This is the following calculation done with no Shin method?

131-45=75

1) 6 Shin method

2) 7 Shin method

3) 8 Shin method

4) 9 Shin method

131-45=75

1) 6 Shin method

2) 7 Shin method

3) 8 Shin method

4) 9 Shin method

%d bloggers like this:

## exam said

Answer > 4

(Explanation 1) this 2000 software development engineer test morning question 1

It is remodelling problem. Originally problem was the arithmetic expression, “131-45=53”.

By the way correct answer of originally problem becomes 2. 7 Shin methods.

0s131 = 1 * 7^2 + 3 * 7 + 1 = 71

0s45 = 4 * 7 + 5 = 33

0s53 = 5 * 7 + 3 = 38

71 – 33 = 38

Is. If just the lower 1 columns you see, because it becomes 1-5=3, the 1=8 and the 0=7, in every multiple of 7

It is found that it is the carry of the beam, as for this proof of the thing which is the quantities of 7 Shin

It becomes.

It is 131-45=75, but when you think in the same way at the lower 1 columns, being 1-5=5, the 1=10 and the 0=9

So it understands that they are the quantities of 9 Shin. In addition when both sides are corrected in decimal

0n131 = 1 * 9^2 + 3 * 9 + 1 = 109

0n45 = 4 * 9 + 5 = 41

0n75 = 7 * 9 + 5 = 68

109 – 41 = 68

By the way, it is almost not used, but as for the quantities of 6 Shin as for sextal and the quantities of 7 Shin septimal,

As for the quantities of 9 Shin you call nonal.
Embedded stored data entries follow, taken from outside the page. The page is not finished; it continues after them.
lemma adj_wshift_power:
  assumes y: "y \<in> l2"
  shows "adj (wshift w ^^ m) y = (\<lambda>n. of_real (weight_prod w m n) * y (n + m))"
proof (rule adj_eqI[OF y weighted_shift_left_l2[OF y]])
  fix x assume x: "x \<in> l2"
  let ?g = "\<lambda>n. (wshift w ^^ m) x n * cnj (y n)"
  have "summable ?g"
    by (rule l2_inner_summable[OF wshift_power_l2[OF x] y])
  then have "suminf ?g = (\<Sum>n. ?g (n + m)) + (\<Sum>i<m. ?g i)"
    by (rule suminf_split_initial_segment)
  moreover have "(\<Sum>i<m. ?g i) = 0"
    by (simp add: wshift_power_apply)
  moreover have "(\<lambda>n. ?g (n + m)) = (\<lambda>n. x n * cnj (of_real (weight_prod w m n) * y (n + m)))"
    by (simp add: wshift_power_apply mult_ac)
  ultimately show "l2inner ((wshift w ^^ m) x) y
      = l2inner x (\<lambda>n. of_real (weight_prod w m n) * y (n + m))"
    unfolding l2inner_def by simp
qed

lemma iterate_adj_wshift:
  "y \<in> l2 \<Longrightarrow> (adj (wshift w) ^^ m) y = (\<lambda>n. of_real (weight_prod w m n) * y (n + m))"
proof (induction m)
  case (Suc m)
  have "(adj (wshift w) ^^ Suc m) y
      = adj (wshift w ^^ 1) (\<lambda>n. of_real (weight_prod w m n) * y (n + m))"
    using Suc by simp
  also have "\<dots> = (\<lambda>n. of_real (weight_prod w (Suc m) n) * y (n + Suc m))"
    unfolding adj_wshift_power[OF weighted_shift_left_l2[OF Suc.prems]]
    by (simp add: weight_prod_Suc' mult_ac)
  finally show ?case .
qed simp

lemma gram_wshift_power_apply:
  assumes "z \<in> l2"
  shows "((adj (wshift w) ^^ m) \<circ> (wshift w ^^ m)) z = (\<lambda>n. of_real ((weight_prod w m n)\<^sup>2) * z n)"
  unfolding o_apply iterate_adj_wshift[OF wshift_power_l2[OF assms]]
  by (simp add: wshift_power_apply power2_eq_square mult_ac)

end

lemma l2norm_nonneg: "x \<in> l2 \<Longrightarrow> 0 \<le> l2norm x"
  unfolding l2norm_def l2_def by (simp add: suminf_nonneg)

lemma left_invertible_bounded_below:
  assumes "left_invertible T" and "\<And>x. x \<in> l2 \<Longrightarrow> T x \<in> l2"
  shows "\<exists>C>0. \<forall>x\<in>l2. l2norm x \<le> C * l2norm (T x)"
proof -
  obtain S where "bounded_op S" and S: "\<And>x. x \<in> l2 \<Longrightarrow> S (T x) = x"
    using assms(1) unfolding left_invertible_def by blast
  then obtain C where C: "\<And>y. y \<in> l2 \<Longrightarrow> l2norm (S y) \<le> C * l2norm y"
    unfolding bounded_op_def by blast
  have "l2norm x \<le> max C 1 * l2norm (T x)" if x: "x \<in> l2" for x
  proof -
    have "l2norm x \<le> C * l2norm (T x)"
      using C[OF assms(2)[OF x]] S[OF x] by simp
    also have "\<dots> \<le> max C 1 * l2norm (T x)"
      using l2norm_nonneg[OF assms(2)[OF x]] by (intro mult_right_mono) auto
    finally show ?thesis .
  qed
  then show ?thesis
    by (intro exI[of _ "max C 1"]) auto
qed

lemma bounded_op_multiplier_shift_left:
  assumes m: "\<And>n. cmod (m n) \<le> B"
  shows "bounded_op (\<lambda>y n. m n * y (n + k))"
  unfolding bounded_op_def
proof (intro conjI ballI allI exI[of _ B])
  fix y :: "nat \<Rightarrow> complex" assume y: "y \<in> l2"
  show "(\<lambda>n. m n * y (n + k)) \<in> l2"
    by (rule l2_multiplier(1)[OF l2_shift_left(1)[OF y] m])
  have "0 \<le> B"
    using m[of 0] norm_ge_zero order_trans by blast
  then show "l2norm (\<lambda>n. m n * y (n + k)) \<le> B * l2norm y"
    using l2_multiplier(2)[OF l2_shift_left(1)[OF y] m] l2_shift_left(2)[OF y, of k]
    by (meson mult_left_mono order_trans)
qed (simp add: algebra_simps)

lemma left_invertible_wshift_power:
  assumes wpos: "\<And>n. w n > 0" and winf: "(INF n. w n) > 0"
  shows "left_invertible (wshift w ^^ k)"
proof -
  let ?a = "weight_prod w k"
  have "cmod (of_real (1 / ?a n)) \<le> 1 / (INF n. w n) ^ k" for n
  proof -
    have "1 / ?a n \<le> 1 / (INF n. w n) ^ k"
      using INF_power_le_weight_prod[of w, OF wpos] winf by (intro frac_le) auto
    then show ?thesis
      using weight_prod_pos[of w, OF wpos] by (simp only: norm_of_real) (simp add: abs_of_pos)
  qed
  then have "bounded_op (\<lambda>y n. of_real (1 / ?a n) * y (n + k))"
    by (rule bounded_op_multiplier_shift_left)
  moreover have "(\<lambda>n. of_real (1 / ?a n) * (wshift w ^^ k) x (n + k)) = x" for x
    using weight_prod_pos[of w, OF wpos] by (simp add: wshift_power_apply fun_eq_iff less_imp_neq[symmetric])
  ultimately show ?thesis
    unfolding left_invertible_def by blast
qed

lemma left_invertible_wshift_power_imp_INF_pos:
  assumes wpos: "\<And>n. w n > 0" and wM: "\<And>n. w n \<le> M" and "k > 0"
    and li: "left_invertible (wshift w ^^ k)"
  shows "(INF n. w n) > 0"
proof -
  have wabs: "\<bar>w n\<bar> \<le> M" for n
    using wpos[of n] wM[of n] by simp
  obtain C where "C > 0" and C: "\<And>x. x \<in> l2 \<Longrightarrow> l2norm x \<le> C * l2norm ((wshift w ^^ k) x)"
    using left_invertible_bounded_below[OF li wshift_power_l2[of w M, OF wabs]] by blast
  have "M > 0"
    using wpos[of 0] wM[of 0] by simp
  obtain k' where k': "k = Suc k'"
    using \<open>k > 0\<close> gr0_implies_Suc by blast
  have "1 / (C * M ^ k') \<le> w j" for j
  proof -
    have "1 \<le> C * weight_prod w k j"
      using C[OF unit_vec_l2[of j]] weight_prod_pos[of w, OF wpos, of k j]
      by (simp add: wshift_power_unit_vec l2norm_unit_vec l2norm_single)
    also have "\<dots> \<le> C * (w j * M ^ k')"
      using cmod_weight_prod_le[of w M, OF wabs, of k' "Suc j"]
        weight_prod_pos[of w, OF wpos, of k' "Suc j"] wpos[of j] \<open>C > 0\<close>
      by (simp add: k' weight_prod_Suc')
    finally show ?thesis
      using \<open>C > 0\<close> \<open>M > 0\<close> by (simp add: field_simps)
  qed
  then have "1 / (C * M ^ k') \<le> (INF n. w n)"
    by (intro cINF_greatest) auto
  moreover have "1 / (C * M ^ k') > 0"
    using \<open>C > 0\<close> \<open>M > 0\<close> by simp
  ultimately show ?thesis
    by linarith
qed

lemma left_invertible_wshift_power_iff:
  assumes "\<And>n. w n > 0" and "\<And>n. w n \<le> M" and "k > 0"
  shows "left_invertible (wshift w ^^ k) \<longleftrightarrow> (INF n. w n) > 0"
  using assms left_invertible_wshift_power left_invertible_wshift_power_imp_INF_pos by blast

definition wshift_dual :: "(nat \<Rightarrow> real) \<Rightarrow> nat \<Rightarrow> (nat \<Rightarrow> complex) \<Rightarrow> nat \<Rightarrow> complex" where
  "wshift_dual w k = (wshift w ^^ k) \<circ> inv_op ((adj (wshift w) ^^ k) \<circ> (wshift w ^^ k))"

context
  fixes w :: "nat \<Rightarrow> real" and M :: real and k :: nat
  assumes wpos: "\<And>n. w n > 0" and wM: "\<And>n. w n \<le> M" and winf: "(INF n. w n) > 0"
begin

lemma weights_abs_le: "\<bar>w n\<bar> \<le> M"
  using wpos[of n] wM[of n] by simp

lemma weight_prod_ne_zero: "weight_prod w m n \<noteq> 0"
  using weight_prod_pos[of w, OF wpos] by (simp add: less_imp_neq[symmetric])

lemma inv_gram_wshift_power:
  assumes y: "y \<in> l2"
  shows "inv_op ((adj (wshift w) ^^ k) \<circ> (wshift w ^^ k)) y
    = (\<lambda>n. of_real (1 / (weight_prod w k n)\<^sup>2) * y n)"
proof (rule inv_op_eqI[OF y])
  note gram = gram_wshift_power_apply[of w M, OF weights_abs_le]
  have "cmod (of_real (1 / (weight_prod w k n)\<^sup>2)) \<le> 1 / ((INF n. w n) ^ k)\<^sup>2" for n
  proof -
    have "((INF n. w n) ^ k)\<^sup>2 \<le> (weight_prod w k n)\<^sup>2"
      using INF_power_le_weight_prod[of w, OF wpos] winf by (intro power_mono) auto
    then have "1 / (weight_prod w k n)\<^sup>2 \<le> 1 / ((INF n. w n) ^ k)\<^sup>2"
      using winf by (intro frac_le) auto
    then show ?thesis
      by (simp only: norm_of_real) simp
  qed
  then show z: "(\<lambda>n. of_real (1 / (weight_prod w k n)\<^sup>2) * y n) \<in> l2"
    by (rule l2_multiplier(1)[OF y])
  show "((adj (wshift w) ^^ k) \<circ> (wshift w ^^ k))
      (\<lambda>n. of_real (1 / (weight_prod w k n)\<^sup>2) * y n) = y"
    unfolding gram[OF z] by (simp add: weight_prod_ne_zero field_simps)
  fix z' assume "z' \<in> l2" and "((adj (wshift w) ^^ k) \<circ> (wshift w ^^ k)) z' = y"
  then have "y = (\<lambda>n. of_real ((weight_prod w k n)\<^sup>2) * z' n)"
    using gram by simp
  then show "z' = (\<lambda>n. of_real (1 / (weight_prod w k n)\<^sup>2) * y n)"
    by (simp add: weight_prod_ne_zero field_simps)
qed

lemma wshift_dual_apply:
  assumes "v \<in> l2"
  shows "wshift_dual w k v = (\<lambda>n. if n < k then 0 else v (n - k) / of_real (weight_prod w k (n - k)))"
proof
  fix n
  have "of_real a * (of_real (1 / a\<^sup>2) * z) = z / of_real a" if "a \<noteq> 0" for a :: real and z :: complex
    using that by (simp add: field_simps power2_eq_square)
  then show "wshift_dual w k v n = (if n < k then 0 else v (n - k) / of_real (weight_prod w k (n - k)))"
    unfolding wshift_dual_def o_apply inv_gram_wshift_power[OF assms] wshift_power_apply
    by (simp add: weight_prod_ne_zero)
qed

lemma wshift_dual_adj_wshift_power:
  assumes "x \<in> l2"
  shows "wshift_dual w k (adj (wshift w ^^ k) x) = (\<lambda>n. if n < k then 0 else x n)"
  using assms
  by (auto simp: adj_wshift_power[of w M, OF weights_abs_le]
      weighted_shift_left_l2[of w M, OF weights_abs_le] wshift_dual_apply weight_prod_ne_zero fun_eq_iff)
(* Let $(G,u,v,\alpha,\beta)$ be a Guvab, and suppose it is not the case that ($G$ is bipartite, $\alpha=0$, and $\beta=1$). Then $W:=\lim_{k\to\infty}W(\mu_k,\nu_k)$ exists, and furthermore: (a) $W=0$ if one of the following holds: $0<\alpha\le\beta<1$; or $\alpha=\beta=1$ and $u=v$; or $G$ is not bipartite and $0=\alpha\le\beta<1$; or $\alpha=\beta=0$ and there is a walk from $u$ to $v$ with an even number of steps; (b) $W=1$ if $\alpha=\beta=0$ and $W\ne0$; (c) $W=\frac12$ if $0=\alpha<\beta<1$ and $G$ is bipartite.
   Context: A Guvab is a tuple $(G,u,v,\alpha,\beta)$ where $G$ is a finite, connected, simple graph, $u,v\in V(G)$, and $\alpha,\beta\in[0,1]$ with $\alpha\le\beta$. A random walk on $G$ with starting vertex $w$ and laziness $\gamma$ is the Markov chain $R_0=w$ and, for $i\ge1$, $R_i=R_{i-1}$ with probability $\gamma$ and $R_i=t$ with probability $\frac{1-\gamma}{\deg(R_{i-1})}$ for each neighbor $t$ of $R_{i-1}$. $\mu_k$ is the distribution after $k$ steps of the walk from $u$ with laziness $\alpha$, and $\nu_k$ that of the walk from $v$ with laziness $\beta$. $W(\mu,\nu)$ is the Wasserstein ($L^1$ optimal transport) distance with respect to the graph distance: the minimum over transportation plans (nonnegative $T$ on $V(G)\times V(G)$ with marginals $\mu,\nu$) of $\sum d(w_1,w_2)T(w_1,w_2)$. *)

theory Defs
  imports Complex_Main
begin

definition simple_graph :: "'a set \<Rightarrow> ('a \<Rightarrow> 'a \<Rightarrow> bool) \<Rightarrow> bool" where
  "simple_graph V E \<longleftrightarrow> finite V \<and> (\<forall>x y. E x y \<longrightarrow> x \<in> V \<and> y \<in> V)
     \<and> (\<forall>x y. E x y \<longrightarrow> E y x) \<and> (\<forall>x. \<not> E x x)"

definition connected_graph :: "'a set \<Rightarrow> ('a \<Rightarrow> 'a \<Rightarrow> bool) \<Rightarrow> bool" where
  "connected_graph V E \<longleftrightarrow> V \<noteq> {} \<and> (\<forall>x\<in>V. \<forall>y\<in>V. \<exists>n. (E ^^ n) x y)"

definition bipartite :: "'a set \<Rightarrow> ('a \<Rightarrow> 'a \<Rightarrow> bool) \<Rightarrow> bool" where
  "bipartite V E \<longleftrightarrow> (\<exists>A. A \<subseteq> V \<and> (\<forall>x y. E x y \<longrightarrow> (x \<in> A \<longleftrightarrow> y \<notin> A)))"

definition graph_dist :: "('a \<Rightarrow> 'a \<Rightarrow> bool) \<Rightarrow> 'a \<Rightarrow> 'a \<Rightarrow> nat" where
  "graph_dist E x y = (LEAST n. (E ^^ n) x y)"

definition degree :: "'a set \<Rightarrow> ('a \<Rightarrow> 'a \<Rightarrow> bool) \<Rightarrow> 'a \<Rightarrow> nat" where
  "degree V E x = card {t \<in> V. E x t}"

definition trans_prob :: "'a set \<Rightarrow> ('a \<Rightarrow> 'a \<Rightarrow> bool) \<Rightarrow> real \<Rightarrow> 'a \<Rightarrow> 'a \<Rightarrow> real" where
  "trans_prob V E \<gamma> x y =
     (if x = y then \<gamma> else 0) + (if E x y then (1 - \<gamma>) / real (degree V E x) else 0)"

primrec walk_dist :: "'a set \<Rightarrow> ('a \<Rightarrow> 'a \<Rightarrow> bool) \<Rightarrow> real \<Rightarrow> 'a \<Rightarrow> nat \<Rightarrow> 'a \<Rightarrow> real" where
  "walk_dist V E \<gamma> w 0 = (\<lambda>y. if y = w then 1 else 0)"
| "walk_dist V E \<gamma> w (Suc k) =
     (\<lambda>y. \<Sum>x\<in>V. walk_dist V E \<gamma> w k x * trans_prob V E \<gamma> x y)"

definition transport_plan :: "'a set \<Rightarrow> ('a \<Rightarrow> real) \<Rightarrow> ('a \<Rightarrow> real) \<Rightarrow> ('a \<Rightarrow> 'a \<Rightarrow> real) \<Rightarrow> bool" where
  "transport_plan V \<mu> \<nu> T \<longleftrightarrow>
     (\<forall>x\<in>V. \<forall>y\<in>V. T x y \<ge> 0)
   \<and> (\<forall>x\<in>V. (\<Sum>y\<in>V. T x y) = \<mu> x)
   \<and> (\<forall>y\<in>V. (\<Sum>x\<in>V. T x y) = \<nu> y)"

definition wasserstein :: "'a set \<Rightarrow> ('a \<Rightarrow> 'a \<Rightarrow> bool) \<Rightarrow> ('a \<Rightarrow> real) \<Rightarrow> ('a \<Rightarrow> real) \<Rightarrow> real" where
  "wasserstein V E \<mu> \<nu> =
     Inf {(\<Sum>x\<in>V. \<Sum>y\<in>V. real (graph_dist E x y) * T x y) | T. transport_plan V \<mu> \<nu> T}"

end

theory Submission
  imports Defs
begin
lemma carrier_fappf_interior:
  assumes xl: "(x, L) \<in> sd_box X p" and t: "t \<in> std_cube p" and int: "\<And>j. j < p \<Longrightarrow> 0 < t j \<and> t j < 1"
  shows "carrier_face cval_inv (length L) (fappf L cval t) = L" "carrier_coords cval_inv (length L) (fappf L cval t) = t"
proof -
  have fL: "fdim L = p" using xl by (simp add: sd_box_def back_face_def faces_of_def)
  have dn: "cval_inv (t j) = None" if "j < fdim L" for j using int[of j] that fL by (auto simp: cval_inv_def)
  show "carrier_face cval_inv (length L) (fappf L cval t) = L"
    using carrier_face_fappf[of cval_inv cval L t] cval_inv_cval carrier_face_interior[of "fdim L" cval_inv t] dn fcomp_id_right by metis
  have van: "\<forall>i\<ge>fdim L. t i = 0" using t fL by (simp add: std_cube_def)
  show "carrier_coords cval_inv (length L) (fappf L cval t) = t"
    using carrier_coords_fappf[of cval_inv cval L t] cval_inv_cval carrier_coords_interior_id[of "fdim L" cval_inv t] dn van by metis
qed

lemma sd_box_map_inj_interior:
  assumes a: "(p, (x1, L1), t1) \<in> real_total (sd_box X) std_cube" and b: "(q, (x2, L2), t2) \<in> real_total (sd_box X) std_cube"
    and ia: "\<And>j. j < p \<Longrightarrow> 0 < t1 j \<and> t1 j < 1" and ib: "\<And>j. j < q \<Longrightarrow> 0 < t2 j \<and> t2 j < 1"
    and eq: "sd_box_map (p, (x1, L1), t1) = sd_box_map (q, (x2, L2), t2)"
  shows "(p, (x1, L1), t1) = (q, (x2, L2), t2)"
proof -
  have A: "(x1, L1) \<in> sd_box X p" "t1 \<in> std_cube p" using a by (auto simp: real_total_def)
  have B: "(x2, L2) \<in> sd_box X q" "t2 \<in> std_cube q" using b by (auto simp: real_total_def)
  have L1: "L1 \<in> back_face p (length L1)" "p < length L1" using A by (auto simp: sd_box_def)
  have L2: "L2 \<in> back_face q (length L2)" "q < length L2" using B by (auto simp: sd_box_def)
  have e: "length L1 - 1 = length L2 - 1" "x1 = x2" "normalise (length L1) (fappf L1 cval t1) = normalise (length L2) (fappf L2 cval t2)"
    using eq by (auto simp: sd_box_map_def)
  have N: "length L1 = length L2" using e(1) L1(2) L2(2) by arith
  define u1 where "u1 = fappf L1 cval t1"
  define u2 where "u2 = fappf L2 cval t2"
  define S1 where "S1 = (\<Sum>j<length L1. u1 j)"
  define S2 where "S2 = (\<Sum>j<length L1. u2 j)"
  have S1: "1 \<le> S1" unfolding S1_def u1_def using fappf_back_face(4)[OF L1 A(2)] .
  have S2: "1 \<le> S2" unfolding S2_def u2_def using fappf_back_face(4)[OF L2 B(2)] N by simp
  have q: "u1 i / S1 = u2 i / S2" for i using e(3) N unfolding normalise_def u1_def u2_def S1_def S2_def by (metis)
  obtain i1 where i1: "u1 i1 = 1" using fappf_back_face(1)[OF L1 A(2)] u1_def by blast
  obtain i2 where i2: "u2 i2 = 1" using fappf_back_face(1)[OF L2 B(2)] u2_def by blast
  have "u2 i1 \<le> 1" unfolding u2_def using fappf_back_face(3)[OF L2 B(2)] .
  then have "u2 i1 / S2 \<le> 1 / S2" using S2 by (simp add: divide_right_mono)
  then have "1 / S1 \<le> 1 / S2" using q[of i1] i1 by simp
  moreover have "u1 i2 \<le> 1" unfolding u1_def using fappf_back_face(3)[OF L1 A(2)] .
  then have "u1 i2 / S1 \<le> 1 / S1" using S1 by (simp add: divide_right_mono)
  then have "1 / S2 \<le> 1 / S1" using q[of i2] i2 by simp
  ultimately have "S1 = S2" using S1 S2 by (simp add: divide_le_eq le_divide_eq)
  then have u: "u1 = u2" using q S1 by (auto simp: fun_eq_iff)
  have LL: "L1 = L2" using carrier_fappf_interior(1)[OF A ia] carrier_fappf_interior(1)[OF B ib] u N unfolding u1_def u2_def by metis
  have tt: "t1 = t2" using carrier_fappf_interior(2)[OF A ia] carrier_fappf_interior(2)[OF B ib] u N unfolding u1_def u2_def by metis
  have "p = q" using L1(1) L2(1) LL by (simp add: back_face_def faces_of_def)
  then show ?thesis using LL tt e(2) by simp
qed

lemma sd_box_interior_rep:
  assumes X: "delta_set X d" and a: "a \<in> real_total (sd_box X) std_cube"
  shows "\<exists>p xl t'. (p, xl, t') \<in> real_total (sd_box X) std_cube \<and> (\<forall>j<p. 0 < t' j \<and> t' j < 1) \<and>
     ((p, xl, t'), a) \<in> real_rel (sd_box X) std_cube cface (sd_box_act d) (\<lambda>l. fappf l cval)"
proof -
  obtain k xl t where a_eq: "a = (k, xl, t)" and xl: "xl \<in> sd_box X k" and t: "t \<in> std_cube k"
    using a by (auto simp: real_total_def)
  define lam where "lam = carrier_face cval_inv k t"
  define t' where "t' = carrier_coords cval_inv k t"
  have lf: "lam \<in> cface (fdim lam) k" and t'c: "t' \<in> std_cube (fdim lam)"
    using carrier_std_cube[OF t] unfolding lam_def t'_def by auto
  have van: "\<forall>i\<ge>k + 0. t i = 0" using t by (simp add: std_cube_def)
  have r: "((fdim (carrier_face cval_inv (k + 0) t) - 0, sd_box_act d (carrier_face cval_inv (k + 0) t) xl, carrier_coords cval_inv (k + 0) t), (k, xl, t))
     \<in> real_rel (sd_box X) std_cube (faces_of 0) (sd_box_act d) (\<lambda>l. fappf l cval)"
    by (rule carrier_real_rel[where S = "sd_box X", OF cval_cval_inv _ _ xl van]) (use lf t'c lam_def t'_def in simp_all)
  have v: "sd_box_act d lam xl \<in> sd_box X (fdim lam)" using sd_box_act_closed[OF X lf xl] .
  have int: "0 < t' j \<and> t' j < 1" if "j < fdim lam" for j
  proof -
    have "cval_inv (t' j) = None" unfolding t'_def using carrier_coords_interior that unfolding lam_def by blast
    moreover have "0 \<le> t' j \<and> t' j \<le> 1" using t'c that by (simp add: std_cube_def)
    ultimately have "t' j \<noteq> 0 \<and> t' j \<noteq> 1" "0 \<le> t' j \<and> t' j \<le> 1" by (auto simp: cval_inv_None)
    then show ?thesis by linarith
  qed
  show ?thesis
    using r v t'c int unfolding a_eq lam_def t'_def
    by (intro exI[of _ "fdim (carrier_face cval_inv k t)"] exI[of _ "sd_box_act d (carrier_face cval_inv k t) xl"] exI[of _ "carrier_coords cval_inv k t"]) (simp add: real_total_def)
qed

lemma carrier_normal_sd_box_map:
  assumes X: "delta_set X d" and a: "(p, (x, L), t) \<in> real_total (sd_box X) std_cube"
    and int: "\<And>j. j < p \<Longrightarrow> 0 < t j \<and> t j < 1"
  shows "carrier_normal 1 sval_inv d (sd_box_map (p, (x, L), t)) = sd_box_map (p, (x, L), t)"
proof -
  have xl: "(x, L) \<in> sd_box X p" and t: "t \<in> std_cube p" using a by (auto simp: real_total_def)
  have L: "L \<in> back_face p (length L)" "p < length L" "x \<in> X (length L - 1)" using xl by (auto simp: sd_box_def)
  have fL: "fdim L = p" using L(1) by (simp add: back_face_def faces_of_def)
  define u where "u = fappf L cval t"
  have S: "1 \<le> (\<Sum>j<length L. u j)" unfolding u_def using fappf_back_face(4)[OF L(1,2) t] .
  have pos: "0 < u i" if "i < length L" for i
    unfolding u_def
  proof (rule fappf_values[where P = "\<lambda>r. 0 < r"])
    fix c assume "Some c \<in> set L"
    then have "c = True" using back_face_no_False[OF L(1)] by (cases c) auto
    then show "0 < cval c" by (simp add: cval_def)
  qed (use int fL that in auto)
  have N1: "length L - 1 + 1 = length L" using L(2) by simp
  have "carrier_normal 1 sval_inv d (length L - 1, x, normalise (length L) u) = (length L - 1, x, normalise (length L) u)"
  proof (rule carrier_normal_interior)
    show "presheaf 1 X d" using X by (simp add: delta_set_def)
    show "x \<in> X (length L - 1)" using L(3) .
    fix i assume "i < length L - 1 + 1"
    then have "0 < normalise (length L) u i" using pos S N1 unfolding normalise_def by simp
    then show "sval_inv (normalise (length L) u i) = None" by (simp add: sval_inv_def)
  next
    show "\<forall>i\<ge>length L - 1 + 1. normalise (length L) u i = 0"
      unfolding N1 normalise_def u_def by (simp add: fappf_beyond)
  qed
  then show ?thesis unfolding sd_box_map_def u_def by simp
qed

lemma sd_box_map_reflects:
  assumes X: "delta_set X d"
    and a: "a \<in> real_total (sd_box X) std_cube" and b: "b \<in> real_total (sd_box X) std_cube"
    and r: "(sd_box_map a, sd_box_map b) \<in> real_rel X std_simplex sface d (\<lambda>l. fappf l sval)"
  shows "(a, b) \<in> real_rel (sd_box X) std_cube cface (sd_box_act d) (\<lambda>l. fappf l cval)"
proof (rule reflect_by_normal_forms[OF equiv_real_rel equiv_real_rel _ _ _ _ _ a b r,
      where P = "\<lambda>(p, xl, t). (p, xl, t) \<in> real_total (sd_box X) std_cube \<and> (\<forall>j<p. 0 < t j \<and> t j < 1)"
      and \<kappa> = "carrier_normal 1 sval_inv d"])
  show "(sd_box_map a, sd_box_map b) \<in> real_rel X std_simplex sface d (\<lambda>l. fappf l sval)"
    if "(a, b) \<in> real_rel (sd_box X) std_cube cface (sd_box_act d) (\<lambda>l. fappf l cval)" for a b
    using real_rel_map[OF that sd_box_map_real_rel[OF X] equiv_real_rel] .
  show "\<exists>a'. (case a' of (p, xl, t) \<Rightarrow> (p, xl, t) \<in> real_total (sd_box X) std_cube \<and> (\<forall>j<p. 0 < t j \<and> t j < 1)) \<and>
      (a', a) \<in> real_rel (sd_box X) std_cube cface (sd_box_act d) (\<lambda>l. fappf l cval)"
    if "a \<in> real_total (sd_box X) std_cube" for a
    using sd_box_interior_rep[OF X that] by fastforce
  show "carrier_normal 1 sval_inv d u = carrier_normal 1 sval_inv d v"
    if "(u, v) \<in> real_rel X std_simplex sface d (\<lambda>l. fappf l sval)" for u v
    using X that carrier_std_simplex(1) sval_inv_sval
    by (intro carrier_normal_real_rel[where v = sval]) (auto simp: delta_set_def)
  show "carrier_normal 1 sval_inv d (sd_box_map a) = sd_box_map a"
    if "case a of (p, xl, t) \<Rightarrow> (p, xl, t) \<in> real_total (sd_box X) std_cube \<and> (\<forall>j<p. 0 < t j \<and> t j < 1)" for a
    using that carrier_normal_sd_box_map[OF X] by (auto split: prod.splits)
  show "a = b"
    if "case a of (p, xl, t) \<Rightarrow> (p, xl, t) \<in> real_total (sd_box X) std_cube \<and> (\<forall>j<p. 0 < t j \<and> t j < 1)"
      and "case b of (p, xl, t) \<Rightarrow> (p, xl, t) \<in> real_total (sd_box X) std_cube \<and> (\<forall>j<p. 0 < t j \<and> t j < 1)"
      and "sd_box_map a = sd_box_map b" for a b
  proof -
    obtain p xl1 t1 q xl2 t2 where "a = (p, xl1, t1)" "b = (q, xl2, t2)" by (metis prod_cases3)
    moreover obtain x1 L1 x2 L2 where "xl1 = (x1, L1)" "xl2 = (x2, L2)" by fastforce
    ultimately show ?thesis using that by (simp only:) (intro sd_box_map_inj_interior[where X = X]; simp)
  qed
qed

lemma finite_sd_box_fibre:
  "finite {(n, xl). xl \<in> sd_box X n \<and> (length (snd xl) - 1, fst xl) = (m, y)}"
proof (rule finite_subset)
  show "{(n, xl). xl \<in> sd_box X n \<and> (length (snd xl) - 1, fst xl) = (m, y)}
      \<subseteq> (\<lambda>(n, L). (n, (y, L))) ` ({..m} \<times> {L. set L \<subseteq> UNIV \<and> length L = Suc m})"
    by (force simp: sd_box_def)
  show "finite ((\<lambda>(n, L). (n, (y, L))) ` ({..m} \<times> {L :: bool option list. set L \<subseteq> UNIV \<and> length L = Suc m}))"
    by (intro finite_imageI finite_cartesian_product finite_lists_length_eq) auto
qed

definition cval_inv_back :: "real \<Rightarrow> bool option" where
  "cval_inv_back r = (if r = 1 then Some True else None)"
If we assume that there is a file which is expressed at the quantity of respective Shin the senary file,

It is called the septenary file and the nonary file, probably will be, binary [hua]

Like [iru].

Furthermore 8 bits were 1 octets (octet), but 6,7,9 you call numerical value

When it makes 1 summaries, it becomes the unit, sextet, septet and nonet probably will be.